Your goal ->
Only one stretch of the records below should be repeated. It starts with the line containing "fix \<alpha> assume" and goes on through the line containing "unfolding reducible_by_def by blast", exactly as written.

Source data ->
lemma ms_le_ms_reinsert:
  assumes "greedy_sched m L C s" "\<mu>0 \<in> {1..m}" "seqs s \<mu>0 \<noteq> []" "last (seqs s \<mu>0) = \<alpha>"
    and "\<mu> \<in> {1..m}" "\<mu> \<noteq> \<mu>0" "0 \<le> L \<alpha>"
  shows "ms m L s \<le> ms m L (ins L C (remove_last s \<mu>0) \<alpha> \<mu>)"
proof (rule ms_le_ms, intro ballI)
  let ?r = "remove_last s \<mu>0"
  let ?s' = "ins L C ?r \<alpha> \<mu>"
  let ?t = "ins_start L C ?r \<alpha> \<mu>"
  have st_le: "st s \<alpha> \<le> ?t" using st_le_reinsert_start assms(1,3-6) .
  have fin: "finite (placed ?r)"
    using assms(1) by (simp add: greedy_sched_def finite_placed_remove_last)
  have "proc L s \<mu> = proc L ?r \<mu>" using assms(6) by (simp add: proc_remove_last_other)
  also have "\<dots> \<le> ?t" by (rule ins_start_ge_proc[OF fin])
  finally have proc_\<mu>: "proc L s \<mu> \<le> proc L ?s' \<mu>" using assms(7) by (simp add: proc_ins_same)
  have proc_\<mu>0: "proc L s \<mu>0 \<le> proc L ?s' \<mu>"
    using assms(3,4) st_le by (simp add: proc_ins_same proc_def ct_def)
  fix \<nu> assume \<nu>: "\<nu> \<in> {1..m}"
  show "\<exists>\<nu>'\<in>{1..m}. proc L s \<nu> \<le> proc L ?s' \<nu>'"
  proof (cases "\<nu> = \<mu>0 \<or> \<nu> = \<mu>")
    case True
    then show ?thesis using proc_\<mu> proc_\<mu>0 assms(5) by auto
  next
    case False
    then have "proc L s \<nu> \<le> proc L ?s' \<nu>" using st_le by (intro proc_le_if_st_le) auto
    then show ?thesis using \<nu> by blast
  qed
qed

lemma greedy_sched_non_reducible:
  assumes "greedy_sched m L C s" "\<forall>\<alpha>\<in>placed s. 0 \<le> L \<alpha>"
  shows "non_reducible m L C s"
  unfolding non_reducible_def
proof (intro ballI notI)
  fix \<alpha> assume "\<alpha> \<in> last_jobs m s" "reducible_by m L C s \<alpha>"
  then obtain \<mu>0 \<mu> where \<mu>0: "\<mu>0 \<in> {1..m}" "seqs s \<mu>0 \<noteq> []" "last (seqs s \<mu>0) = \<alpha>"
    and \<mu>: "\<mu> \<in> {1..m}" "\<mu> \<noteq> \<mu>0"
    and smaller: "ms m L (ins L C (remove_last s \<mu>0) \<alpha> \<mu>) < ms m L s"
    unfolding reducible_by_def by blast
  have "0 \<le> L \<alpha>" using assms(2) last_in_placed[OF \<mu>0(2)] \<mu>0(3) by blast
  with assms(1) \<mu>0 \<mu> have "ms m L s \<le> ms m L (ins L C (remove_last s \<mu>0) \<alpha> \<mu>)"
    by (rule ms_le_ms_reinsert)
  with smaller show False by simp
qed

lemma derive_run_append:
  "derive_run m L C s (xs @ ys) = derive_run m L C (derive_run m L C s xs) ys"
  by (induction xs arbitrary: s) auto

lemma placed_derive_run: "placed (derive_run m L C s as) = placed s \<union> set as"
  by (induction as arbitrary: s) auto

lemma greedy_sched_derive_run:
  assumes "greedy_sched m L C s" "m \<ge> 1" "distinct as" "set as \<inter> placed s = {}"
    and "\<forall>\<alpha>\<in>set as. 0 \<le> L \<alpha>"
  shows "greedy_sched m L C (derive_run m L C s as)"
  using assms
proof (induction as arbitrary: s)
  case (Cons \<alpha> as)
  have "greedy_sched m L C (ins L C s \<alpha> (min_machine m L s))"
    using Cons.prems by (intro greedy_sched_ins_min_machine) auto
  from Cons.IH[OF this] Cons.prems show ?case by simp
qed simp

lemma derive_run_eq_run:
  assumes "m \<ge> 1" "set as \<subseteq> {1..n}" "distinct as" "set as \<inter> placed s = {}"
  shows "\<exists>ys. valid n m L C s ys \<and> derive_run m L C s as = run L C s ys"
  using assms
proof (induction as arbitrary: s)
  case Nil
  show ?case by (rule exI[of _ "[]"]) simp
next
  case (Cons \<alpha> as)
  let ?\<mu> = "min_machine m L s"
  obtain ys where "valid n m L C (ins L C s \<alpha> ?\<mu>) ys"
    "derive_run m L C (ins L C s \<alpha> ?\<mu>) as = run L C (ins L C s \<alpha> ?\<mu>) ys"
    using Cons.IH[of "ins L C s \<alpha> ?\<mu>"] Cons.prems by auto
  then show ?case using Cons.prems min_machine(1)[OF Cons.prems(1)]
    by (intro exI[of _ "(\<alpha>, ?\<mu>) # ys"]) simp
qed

--

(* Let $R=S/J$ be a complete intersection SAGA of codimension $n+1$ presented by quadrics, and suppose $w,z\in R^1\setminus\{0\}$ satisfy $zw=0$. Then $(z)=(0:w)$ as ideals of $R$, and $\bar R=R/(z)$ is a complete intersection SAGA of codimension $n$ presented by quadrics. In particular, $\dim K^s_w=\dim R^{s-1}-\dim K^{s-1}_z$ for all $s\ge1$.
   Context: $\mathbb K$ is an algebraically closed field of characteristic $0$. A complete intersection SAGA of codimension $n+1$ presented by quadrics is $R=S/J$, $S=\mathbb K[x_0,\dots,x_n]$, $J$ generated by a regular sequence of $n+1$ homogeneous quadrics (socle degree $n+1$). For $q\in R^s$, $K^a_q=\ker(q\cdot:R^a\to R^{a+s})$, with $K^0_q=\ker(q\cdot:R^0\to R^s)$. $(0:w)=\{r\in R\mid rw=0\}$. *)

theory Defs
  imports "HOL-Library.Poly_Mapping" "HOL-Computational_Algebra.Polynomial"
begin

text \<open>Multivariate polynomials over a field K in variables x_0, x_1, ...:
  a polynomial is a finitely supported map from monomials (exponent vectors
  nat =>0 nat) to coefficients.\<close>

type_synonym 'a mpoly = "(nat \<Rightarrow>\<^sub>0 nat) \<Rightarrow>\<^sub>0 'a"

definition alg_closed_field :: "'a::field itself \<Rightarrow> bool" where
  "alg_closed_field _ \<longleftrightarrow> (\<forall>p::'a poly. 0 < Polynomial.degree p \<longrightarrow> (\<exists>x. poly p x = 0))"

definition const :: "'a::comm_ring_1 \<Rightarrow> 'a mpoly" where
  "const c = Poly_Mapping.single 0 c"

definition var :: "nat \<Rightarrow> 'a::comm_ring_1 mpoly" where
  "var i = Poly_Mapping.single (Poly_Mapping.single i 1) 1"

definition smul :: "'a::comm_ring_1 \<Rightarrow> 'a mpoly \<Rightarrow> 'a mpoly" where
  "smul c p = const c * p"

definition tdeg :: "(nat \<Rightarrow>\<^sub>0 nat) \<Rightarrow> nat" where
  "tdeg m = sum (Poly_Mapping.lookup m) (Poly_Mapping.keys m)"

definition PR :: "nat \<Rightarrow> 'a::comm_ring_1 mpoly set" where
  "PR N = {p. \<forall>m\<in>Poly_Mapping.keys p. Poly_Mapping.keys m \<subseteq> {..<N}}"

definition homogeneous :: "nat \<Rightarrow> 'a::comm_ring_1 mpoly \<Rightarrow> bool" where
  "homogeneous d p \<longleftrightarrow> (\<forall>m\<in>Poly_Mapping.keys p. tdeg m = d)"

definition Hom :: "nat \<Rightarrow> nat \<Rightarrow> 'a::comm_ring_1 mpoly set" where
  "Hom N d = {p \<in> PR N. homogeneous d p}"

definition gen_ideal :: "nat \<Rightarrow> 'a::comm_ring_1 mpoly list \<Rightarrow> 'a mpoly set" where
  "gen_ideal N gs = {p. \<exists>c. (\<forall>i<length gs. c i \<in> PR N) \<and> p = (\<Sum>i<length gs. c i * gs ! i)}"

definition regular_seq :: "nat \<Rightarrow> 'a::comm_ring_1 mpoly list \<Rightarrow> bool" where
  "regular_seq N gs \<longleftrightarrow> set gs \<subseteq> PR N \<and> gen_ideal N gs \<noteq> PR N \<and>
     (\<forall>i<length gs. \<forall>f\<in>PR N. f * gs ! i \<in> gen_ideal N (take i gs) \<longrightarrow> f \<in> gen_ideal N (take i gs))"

Result for this exercise ->
  fix \<alpha> assume "\<alpha> \<in> last_jobs m s" "reducible_by m L C s \<alpha>"
  then obtain \<mu>0 \<mu> where \<mu>0: "\<mu>0 \<in> {1..m}" "seqs s \<mu>0 \<noteq> []" "last (seqs s \<mu>0) = \<alpha>"
    and \<mu>: "\<mu> \<in> {1..m}" "\<mu> \<noteq> \<mu>0"
    and smaller: "ms m L (ins L C (remove_last s \<mu>0) \<alpha> \<mu>) < ms m L s"
    unfolding reducible_by_def by blast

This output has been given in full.